PROLOGUE
1964
“Wanna beer?”
Six-year-old Stevie Goldstein looked up from where he sat cross-legged on the worn orange and yellow carpet in the one bedroom apartment he shared with his mother. He was playing with the caboose of a Lionel train set. He saw the wide bottom of her faded denim jeans, then the sewn on patches promoting peace, love and ganja, and finally the leather strings cinched around her small waist. Then he smelled her. A smell like freshly cut apples. It was the reason he refused to eat apples.
She sat on the floor next to him, placing a box in front of them. She juggled two beer cans in one hand, leveraging them against her chest to prevent them from falling. He not only smelled alcohol on her breath but he saw it in the blood vessels that mapped her eyes and in the red splotches that traversed her cheeks.
“I know I haven’t been around a lot lately, Stevie,” his mother slurred, “but I bought you something to make up for it.” She tapped the box.
Even at six years of age, Stevie knew his mother was an alcoholic. He knew about the cycle of abuse—how she was nice to him then mean, and then nice again—and he knew the things she did to him weren’t right. Making him tuck her into bed at night. Having him eat crackers for dinner since she was too whacked out to cook. Of course, he couldn’t verbalize what he knew—and he certainly couldn’t define it—but he realized his relationship with his mother wasn’t like the other kids, even for the tricked out, doped up, free-loving sixties.
“Do you want to see what’s in the box?”
He nodded.
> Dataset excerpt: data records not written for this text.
lemma iota_iota_left_commute: "\<iota> a * (\<iota> b * y) = \<iota> b * (\<iota> a * y)"
  by (simp add: mult.assoc[symmetric] iota_mult[symmetric] mult.commute)

lemma add_self_eq_0_imp_eq_0: "(x::'a) + x = 0 \<Longrightarrow> x = 0"
proof -
  assume "x + x = 0"
  have "x = \<iota> (1/2 + 1/2) * x" by simp
  also have "\<dots> = \<iota> (1/2) * (x + x)" by (simp only: iota_add algebra_simps)
  finally show "x = 0" using \<open>x + x = 0\<close> by simp
qed

end

locale qmanin = C_algebra \<iota> for \<iota> :: "complex \<Rightarrow> 'a::ring_1" +
  fixes n :: nat and q :: "nat \<Rightarrow> nat \<Rightarrow> complex" and M :: "nat \<Rightarrow> nat \<Rightarrow> 'a"
  assumes q_parametric: "is_parametric n q"
    and M_manin: "manin \<iota> n q M"
begin

lemma q_diag: "u < n \<Longrightarrow> q u u = 1"
  using q_parametric by (simp add: is_parametric_def)

lemma q_nonzero: "u < n \<Longrightarrow> v < n \<Longrightarrow> q u v \<noteq> 0"
  using q_parametric by (simp add: is_parametric_def)

lemma iota_q_inverse: "u < n \<Longrightarrow> v < n \<Longrightarrow> \<iota> (q u v) * (\<iota> (q v u) * y) = y"
  using q_parametric by (simp add: mult.assoc[symmetric] iota_mult[symmetric] is_parametric_def)
lemma is_walk_Cons: "is_walk E (x # xs) \<longleftrightarrow> (xs = [] \<or> ({x, hd xs} \<in> E \<and> is_walk E xs))"
proof
  assume w: "is_walk E (x # xs)"
  show "xs = [] \<or> ({x, hd xs} \<in> E \<and> is_walk E xs)"
  proof (cases xs)
    case Nil thus ?thesis by simp
  next
    case (Cons y ys)
    have "{x, hd xs} \<in> E" using w Cons unfolding is_walk_def by (auto dest: spec[of _ 0])
    moreover have "is_walk E xs"
      unfolding is_walk_def
    proof (intro conjI allI impI)
      show "xs \<noteq> []" using Cons by simp
      fix i assume "Suc i < length xs"
      thus "{xs ! i, xs ! Suc i} \<in> E" using w unfolding is_walk_def
        by (auto dest: spec[of _ "Suc i"])
    qed
    ultimately show ?thesis by simp
  qed
next
  assume h: "xs = [] \<or> ({x, hd xs} \<in> E \<and> is_walk E xs)"
  show "is_walk E (x # xs)"
  proof (cases xs)
    case Nil thus ?thesis by (simp add: is_walk_def)
  next
    case (Cons y ys)
    have e: "{x, y} \<in> E" and w: "is_walk E xs" using h Cons by auto
    show ?thesis unfolding is_walk_def
    proof (intro conjI allI impI)
      fix i assume i: "Suc i < length (x # xs)"
      show "{(x # xs) ! i, (x # xs) ! Suc i} \<in> E"
      proof (cases i)
        case 0 thus ?thesis using e Cons by simp
      next
        case (Suc j) thus ?thesis using w i unfolding is_walk_def by simp
      qed
    qed simp
  qed
qed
Even if she acted more like a kid than a parent when she was drunk, which was most of the time, she did give him good presents. Like Lionel trains, train tracks, a control tower, little people and farm animals to put on the trains and a remote control.
She pushed the box in front of him. He hoped it was the Union Pacific diesel locomotive he’d been craving. The white, square box was about the size of six shoeboxes stacked two on two on two. He rattled it.
“Don’t do that.” She removed his hands from the carton.
He considered snatching his hands from her as he hated the feel of her touch, but he wanted to see what was inside the box.
“What’s inside is very delicate,” she said. “You must promise to take care of them forever. Don’t let anyone hurt them. Do you promise?”
Stevie nodded.
“Go ahead. Open it.”
He lifted the lid and gasped. Inside was a glass carousel with four prancing horses. Stevie didn’t dare touch them. He didn’t want to risk breaking this treasure. He studied each one. A white Arabian. A yellow Palomino. A chocolate Bay. A spotted Appaloosa.
“Aren’t they stunning?” his mother belched and held up a lever. “If you turn it on, it moves like a real carousel. Music plays too.”
Stevie was speechless, taken by the finely painted and jeweled creatures. Each was almost twelve inches high, but to Stevie they were enormous. Big enough to mount and ride away.
His mother grabbed his wrist. “You must protect these horses always. When you are with them, I will be with you too. Understand?”
Stevie didn’t understand but he nodded anyway. One month later, his mother was dead.